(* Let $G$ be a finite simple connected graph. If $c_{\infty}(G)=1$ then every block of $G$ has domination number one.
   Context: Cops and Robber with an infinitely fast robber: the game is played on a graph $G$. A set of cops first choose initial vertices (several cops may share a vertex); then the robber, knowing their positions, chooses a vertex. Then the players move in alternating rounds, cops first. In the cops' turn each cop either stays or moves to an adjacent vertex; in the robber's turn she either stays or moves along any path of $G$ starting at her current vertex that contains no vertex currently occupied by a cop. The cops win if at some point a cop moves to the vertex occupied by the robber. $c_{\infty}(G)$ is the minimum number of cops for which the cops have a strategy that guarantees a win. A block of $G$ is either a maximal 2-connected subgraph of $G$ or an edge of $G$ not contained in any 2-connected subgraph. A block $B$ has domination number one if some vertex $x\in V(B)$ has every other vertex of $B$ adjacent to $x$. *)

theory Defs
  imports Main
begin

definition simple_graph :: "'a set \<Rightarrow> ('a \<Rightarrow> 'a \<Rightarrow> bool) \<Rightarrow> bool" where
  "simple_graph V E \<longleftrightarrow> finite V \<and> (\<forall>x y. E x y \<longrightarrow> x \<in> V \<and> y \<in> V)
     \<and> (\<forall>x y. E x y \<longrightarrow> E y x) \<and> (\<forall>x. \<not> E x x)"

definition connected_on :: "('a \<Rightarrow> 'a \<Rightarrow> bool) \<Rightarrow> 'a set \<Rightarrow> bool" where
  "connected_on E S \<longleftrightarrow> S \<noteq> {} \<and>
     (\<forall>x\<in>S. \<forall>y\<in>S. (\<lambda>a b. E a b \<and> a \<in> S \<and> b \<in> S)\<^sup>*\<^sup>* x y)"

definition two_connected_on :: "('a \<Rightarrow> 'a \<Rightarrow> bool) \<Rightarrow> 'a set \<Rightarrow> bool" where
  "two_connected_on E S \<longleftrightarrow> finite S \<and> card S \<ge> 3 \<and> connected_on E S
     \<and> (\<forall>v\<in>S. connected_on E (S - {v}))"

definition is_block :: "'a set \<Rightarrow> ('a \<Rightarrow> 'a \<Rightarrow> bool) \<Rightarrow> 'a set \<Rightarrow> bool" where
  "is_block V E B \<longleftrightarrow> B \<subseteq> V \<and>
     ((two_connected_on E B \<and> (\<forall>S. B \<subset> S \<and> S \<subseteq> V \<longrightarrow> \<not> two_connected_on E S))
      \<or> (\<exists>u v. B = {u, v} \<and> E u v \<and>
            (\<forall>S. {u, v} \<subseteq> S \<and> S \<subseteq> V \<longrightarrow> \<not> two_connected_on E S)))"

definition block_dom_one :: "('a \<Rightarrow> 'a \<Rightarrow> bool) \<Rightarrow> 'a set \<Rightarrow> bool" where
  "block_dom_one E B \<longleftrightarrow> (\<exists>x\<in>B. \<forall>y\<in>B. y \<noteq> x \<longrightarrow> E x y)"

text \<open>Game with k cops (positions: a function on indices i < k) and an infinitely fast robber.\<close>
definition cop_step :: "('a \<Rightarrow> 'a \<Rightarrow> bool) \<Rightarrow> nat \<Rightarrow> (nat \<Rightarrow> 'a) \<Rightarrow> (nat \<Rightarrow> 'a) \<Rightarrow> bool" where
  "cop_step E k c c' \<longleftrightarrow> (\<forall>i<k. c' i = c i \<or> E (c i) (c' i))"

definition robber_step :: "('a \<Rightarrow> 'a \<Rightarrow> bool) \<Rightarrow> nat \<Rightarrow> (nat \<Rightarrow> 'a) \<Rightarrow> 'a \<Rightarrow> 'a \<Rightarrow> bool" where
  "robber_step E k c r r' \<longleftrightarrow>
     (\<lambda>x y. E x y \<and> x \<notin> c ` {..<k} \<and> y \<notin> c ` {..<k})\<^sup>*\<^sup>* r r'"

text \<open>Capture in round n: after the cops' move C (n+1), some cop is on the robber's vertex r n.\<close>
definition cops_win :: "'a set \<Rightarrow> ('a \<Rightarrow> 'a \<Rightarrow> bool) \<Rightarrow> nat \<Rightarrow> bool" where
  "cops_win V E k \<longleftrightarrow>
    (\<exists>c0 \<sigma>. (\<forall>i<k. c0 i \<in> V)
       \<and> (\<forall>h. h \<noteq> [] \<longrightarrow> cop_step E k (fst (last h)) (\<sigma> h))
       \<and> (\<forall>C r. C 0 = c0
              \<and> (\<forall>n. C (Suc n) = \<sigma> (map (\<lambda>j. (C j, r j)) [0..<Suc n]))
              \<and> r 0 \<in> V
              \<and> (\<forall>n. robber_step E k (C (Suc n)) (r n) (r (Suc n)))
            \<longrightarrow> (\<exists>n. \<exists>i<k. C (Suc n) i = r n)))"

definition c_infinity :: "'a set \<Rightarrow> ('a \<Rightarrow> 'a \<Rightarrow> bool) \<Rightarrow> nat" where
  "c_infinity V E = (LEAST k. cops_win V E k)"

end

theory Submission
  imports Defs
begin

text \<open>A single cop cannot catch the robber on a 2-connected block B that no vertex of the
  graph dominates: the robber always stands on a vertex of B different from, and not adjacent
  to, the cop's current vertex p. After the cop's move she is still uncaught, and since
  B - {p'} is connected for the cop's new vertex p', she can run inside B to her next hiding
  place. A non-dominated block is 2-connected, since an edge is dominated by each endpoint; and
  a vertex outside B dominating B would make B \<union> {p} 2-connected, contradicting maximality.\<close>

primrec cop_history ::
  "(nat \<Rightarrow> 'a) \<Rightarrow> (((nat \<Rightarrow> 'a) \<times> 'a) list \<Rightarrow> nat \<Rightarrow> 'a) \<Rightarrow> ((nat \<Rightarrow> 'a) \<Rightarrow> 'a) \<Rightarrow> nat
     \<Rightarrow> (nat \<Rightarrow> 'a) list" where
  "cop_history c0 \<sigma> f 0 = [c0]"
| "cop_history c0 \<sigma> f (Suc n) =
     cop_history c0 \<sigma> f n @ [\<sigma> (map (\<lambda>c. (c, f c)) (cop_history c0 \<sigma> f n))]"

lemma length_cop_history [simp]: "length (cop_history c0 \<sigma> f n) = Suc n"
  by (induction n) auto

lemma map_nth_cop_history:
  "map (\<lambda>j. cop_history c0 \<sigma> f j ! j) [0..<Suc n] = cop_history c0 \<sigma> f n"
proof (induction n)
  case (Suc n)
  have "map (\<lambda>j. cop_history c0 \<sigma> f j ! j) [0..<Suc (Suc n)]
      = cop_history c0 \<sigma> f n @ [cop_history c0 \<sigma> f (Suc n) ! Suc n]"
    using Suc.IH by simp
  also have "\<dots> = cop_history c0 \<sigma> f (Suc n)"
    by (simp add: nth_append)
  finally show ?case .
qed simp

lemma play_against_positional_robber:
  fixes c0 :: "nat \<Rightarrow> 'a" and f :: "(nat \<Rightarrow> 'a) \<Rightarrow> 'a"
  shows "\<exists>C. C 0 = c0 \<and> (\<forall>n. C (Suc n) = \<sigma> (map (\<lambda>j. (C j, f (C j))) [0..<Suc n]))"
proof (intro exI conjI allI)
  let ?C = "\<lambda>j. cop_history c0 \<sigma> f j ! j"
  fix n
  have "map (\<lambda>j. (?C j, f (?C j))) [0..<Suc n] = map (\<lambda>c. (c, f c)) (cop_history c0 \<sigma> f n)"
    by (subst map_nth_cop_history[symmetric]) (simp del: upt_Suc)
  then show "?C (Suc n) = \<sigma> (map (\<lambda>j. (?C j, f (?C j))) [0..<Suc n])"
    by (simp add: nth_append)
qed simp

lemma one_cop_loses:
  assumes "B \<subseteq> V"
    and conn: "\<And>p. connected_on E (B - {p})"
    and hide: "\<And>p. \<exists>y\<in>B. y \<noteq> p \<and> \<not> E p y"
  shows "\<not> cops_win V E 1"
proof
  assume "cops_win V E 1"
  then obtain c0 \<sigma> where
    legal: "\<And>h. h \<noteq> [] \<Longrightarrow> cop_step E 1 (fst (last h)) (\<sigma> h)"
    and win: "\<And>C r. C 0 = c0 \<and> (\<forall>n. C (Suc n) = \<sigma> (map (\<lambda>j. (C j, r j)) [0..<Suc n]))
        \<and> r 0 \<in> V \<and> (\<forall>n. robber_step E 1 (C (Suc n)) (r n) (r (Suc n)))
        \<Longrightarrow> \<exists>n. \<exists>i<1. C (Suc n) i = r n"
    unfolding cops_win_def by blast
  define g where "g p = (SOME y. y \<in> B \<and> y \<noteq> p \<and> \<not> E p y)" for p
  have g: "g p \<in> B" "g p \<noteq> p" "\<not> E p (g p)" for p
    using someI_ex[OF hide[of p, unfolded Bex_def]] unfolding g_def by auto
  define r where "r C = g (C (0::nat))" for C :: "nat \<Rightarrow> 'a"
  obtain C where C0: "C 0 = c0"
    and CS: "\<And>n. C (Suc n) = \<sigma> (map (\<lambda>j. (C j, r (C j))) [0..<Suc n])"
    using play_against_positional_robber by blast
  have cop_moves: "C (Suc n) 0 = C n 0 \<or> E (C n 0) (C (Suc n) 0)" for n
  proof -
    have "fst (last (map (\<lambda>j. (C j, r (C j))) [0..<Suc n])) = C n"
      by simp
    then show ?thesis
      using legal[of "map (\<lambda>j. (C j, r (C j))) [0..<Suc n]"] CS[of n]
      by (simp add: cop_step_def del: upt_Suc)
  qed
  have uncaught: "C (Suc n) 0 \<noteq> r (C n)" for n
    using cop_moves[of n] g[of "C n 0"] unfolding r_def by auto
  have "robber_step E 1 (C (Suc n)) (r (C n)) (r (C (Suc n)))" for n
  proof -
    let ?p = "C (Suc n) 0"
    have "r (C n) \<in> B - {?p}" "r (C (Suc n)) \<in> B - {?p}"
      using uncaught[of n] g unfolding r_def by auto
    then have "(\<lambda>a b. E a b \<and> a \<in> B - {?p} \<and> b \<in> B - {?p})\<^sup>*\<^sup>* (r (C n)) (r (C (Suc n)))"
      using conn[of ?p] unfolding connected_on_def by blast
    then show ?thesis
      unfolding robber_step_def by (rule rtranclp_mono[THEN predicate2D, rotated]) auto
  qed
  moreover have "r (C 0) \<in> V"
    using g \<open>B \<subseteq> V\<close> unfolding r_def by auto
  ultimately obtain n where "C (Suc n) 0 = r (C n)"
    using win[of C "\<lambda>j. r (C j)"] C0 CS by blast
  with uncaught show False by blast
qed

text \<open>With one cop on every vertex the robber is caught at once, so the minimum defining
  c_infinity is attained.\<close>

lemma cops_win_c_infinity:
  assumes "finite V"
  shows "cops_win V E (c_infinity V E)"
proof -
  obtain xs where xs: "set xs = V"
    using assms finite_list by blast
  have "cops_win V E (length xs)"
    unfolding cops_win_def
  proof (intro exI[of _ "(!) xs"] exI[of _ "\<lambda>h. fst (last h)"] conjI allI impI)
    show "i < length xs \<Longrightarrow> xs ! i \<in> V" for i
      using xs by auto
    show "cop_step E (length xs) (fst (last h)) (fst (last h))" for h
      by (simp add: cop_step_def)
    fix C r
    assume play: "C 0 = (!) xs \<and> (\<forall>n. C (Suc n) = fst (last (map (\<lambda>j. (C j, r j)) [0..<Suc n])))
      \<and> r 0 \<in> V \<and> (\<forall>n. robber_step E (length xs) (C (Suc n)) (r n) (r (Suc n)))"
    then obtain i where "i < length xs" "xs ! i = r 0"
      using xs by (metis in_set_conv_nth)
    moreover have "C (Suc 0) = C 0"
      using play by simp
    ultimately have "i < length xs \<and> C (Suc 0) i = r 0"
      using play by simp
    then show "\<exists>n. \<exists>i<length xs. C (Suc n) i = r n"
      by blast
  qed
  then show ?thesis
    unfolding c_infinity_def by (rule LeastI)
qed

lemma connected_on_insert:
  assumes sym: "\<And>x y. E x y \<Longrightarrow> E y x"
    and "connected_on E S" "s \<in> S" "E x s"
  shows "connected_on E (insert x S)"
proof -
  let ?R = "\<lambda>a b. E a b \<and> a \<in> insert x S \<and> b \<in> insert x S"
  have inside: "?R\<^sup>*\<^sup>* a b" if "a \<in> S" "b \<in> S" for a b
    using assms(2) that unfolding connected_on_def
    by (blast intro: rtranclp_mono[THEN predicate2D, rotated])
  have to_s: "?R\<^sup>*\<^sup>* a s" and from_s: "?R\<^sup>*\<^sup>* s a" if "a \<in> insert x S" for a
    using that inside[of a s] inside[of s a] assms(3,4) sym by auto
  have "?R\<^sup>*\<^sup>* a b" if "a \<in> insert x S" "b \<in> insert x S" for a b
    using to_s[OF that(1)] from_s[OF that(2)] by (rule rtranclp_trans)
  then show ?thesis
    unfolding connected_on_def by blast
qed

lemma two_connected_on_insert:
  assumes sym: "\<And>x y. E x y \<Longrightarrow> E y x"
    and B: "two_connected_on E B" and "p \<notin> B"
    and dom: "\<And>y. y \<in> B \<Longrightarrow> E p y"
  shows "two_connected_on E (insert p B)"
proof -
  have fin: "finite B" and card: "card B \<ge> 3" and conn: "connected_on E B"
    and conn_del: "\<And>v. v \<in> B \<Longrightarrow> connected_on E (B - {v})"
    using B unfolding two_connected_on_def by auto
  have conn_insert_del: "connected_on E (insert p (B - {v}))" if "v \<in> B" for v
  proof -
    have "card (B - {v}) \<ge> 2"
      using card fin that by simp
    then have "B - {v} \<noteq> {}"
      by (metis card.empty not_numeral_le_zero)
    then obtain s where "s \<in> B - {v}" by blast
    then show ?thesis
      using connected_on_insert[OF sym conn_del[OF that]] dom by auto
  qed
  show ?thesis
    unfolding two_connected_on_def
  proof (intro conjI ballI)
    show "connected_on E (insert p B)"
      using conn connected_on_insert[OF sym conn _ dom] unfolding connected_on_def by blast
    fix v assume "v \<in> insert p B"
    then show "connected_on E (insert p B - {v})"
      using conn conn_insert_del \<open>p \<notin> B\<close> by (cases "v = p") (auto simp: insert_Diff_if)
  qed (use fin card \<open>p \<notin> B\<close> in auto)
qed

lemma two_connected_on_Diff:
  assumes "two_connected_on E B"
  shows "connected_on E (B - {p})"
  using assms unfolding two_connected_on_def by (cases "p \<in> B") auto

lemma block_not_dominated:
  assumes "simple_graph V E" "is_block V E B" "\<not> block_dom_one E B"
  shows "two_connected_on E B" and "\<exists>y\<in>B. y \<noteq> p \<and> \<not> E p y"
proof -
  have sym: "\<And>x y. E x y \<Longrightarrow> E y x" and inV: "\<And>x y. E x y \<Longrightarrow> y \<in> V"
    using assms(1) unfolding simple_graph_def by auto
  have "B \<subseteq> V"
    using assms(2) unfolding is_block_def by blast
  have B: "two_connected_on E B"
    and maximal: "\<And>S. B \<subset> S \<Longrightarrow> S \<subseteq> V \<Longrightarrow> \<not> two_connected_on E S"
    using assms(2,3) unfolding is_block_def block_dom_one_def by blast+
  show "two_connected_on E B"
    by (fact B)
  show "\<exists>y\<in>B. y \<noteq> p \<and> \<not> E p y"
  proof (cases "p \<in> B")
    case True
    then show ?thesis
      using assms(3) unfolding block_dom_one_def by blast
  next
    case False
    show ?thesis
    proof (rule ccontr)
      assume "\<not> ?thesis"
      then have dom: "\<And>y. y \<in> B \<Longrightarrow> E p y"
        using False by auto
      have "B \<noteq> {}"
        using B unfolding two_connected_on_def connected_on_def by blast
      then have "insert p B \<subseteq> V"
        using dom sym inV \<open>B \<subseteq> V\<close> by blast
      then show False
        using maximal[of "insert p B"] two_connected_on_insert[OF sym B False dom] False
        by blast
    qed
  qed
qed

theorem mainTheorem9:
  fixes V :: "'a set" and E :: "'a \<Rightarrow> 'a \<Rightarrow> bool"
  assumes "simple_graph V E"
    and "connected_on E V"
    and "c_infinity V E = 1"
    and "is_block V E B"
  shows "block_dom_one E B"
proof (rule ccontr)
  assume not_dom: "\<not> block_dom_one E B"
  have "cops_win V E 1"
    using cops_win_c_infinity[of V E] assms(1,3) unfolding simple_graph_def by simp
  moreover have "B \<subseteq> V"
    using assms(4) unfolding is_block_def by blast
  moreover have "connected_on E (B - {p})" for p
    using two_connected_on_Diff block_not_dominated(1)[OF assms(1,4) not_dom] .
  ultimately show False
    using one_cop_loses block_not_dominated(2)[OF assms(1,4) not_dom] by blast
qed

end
==================================================
Exercise requirements:
Above are the lines; repeat exactly the ones from the line containing "(\<exists>n. \<exists>i<k. C" down to the line containing "cop_history c0 \<sigma> f n @ [\<sigma>", both inclusive.

Solution to this problem:
            \<longrightarrow> (\<exists>n. \<exists>i<k. C (Suc n) i = r n)))"

definition c_infinity :: "'a set \<Rightarrow> ('a \<Rightarrow> 'a \<Rightarrow> bool) \<Rightarrow> nat" where
  "c_infinity V E = (LEAST k. cops_win V E k)"

end

theory Submission
  imports Defs
begin

text \<open>A single cop cannot catch the robber on a 2-connected block B that no vertex of the
  graph dominates: the robber always stands on a vertex of B different from, and not adjacent
  to, the cop's current vertex p. After the cop's move she is still uncaught, and since
  B - {p'} is connected for the cop's new vertex p', she can run inside B to her next hiding
  place. A non-dominated block is 2-connected, since an edge is dominated by each endpoint; and
  a vertex outside B dominating B would make B \<union> {p} 2-connected, contradicting maximality.\<close>

primrec cop_history ::
  "(nat \<Rightarrow> 'a) \<Rightarrow> (((nat \<Rightarrow> 'a) \<times> 'a) list \<Rightarrow> nat \<Rightarrow> 'a) \<Rightarrow> ((nat \<Rightarrow> 'a) \<Rightarrow> 'a) \<Rightarrow> nat
     \<Rightarrow> (nat \<Rightarrow> 'a) list" where
  "cop_history c0 \<sigma> f 0 = [c0]"
| "cop_history c0 \<sigma> f (Suc n) =
     cop_history c0 \<sigma> f n @ [\<sigma> (map (\<lambda>c. (c, f c)) (cop_history c0 \<sigma> f n))]"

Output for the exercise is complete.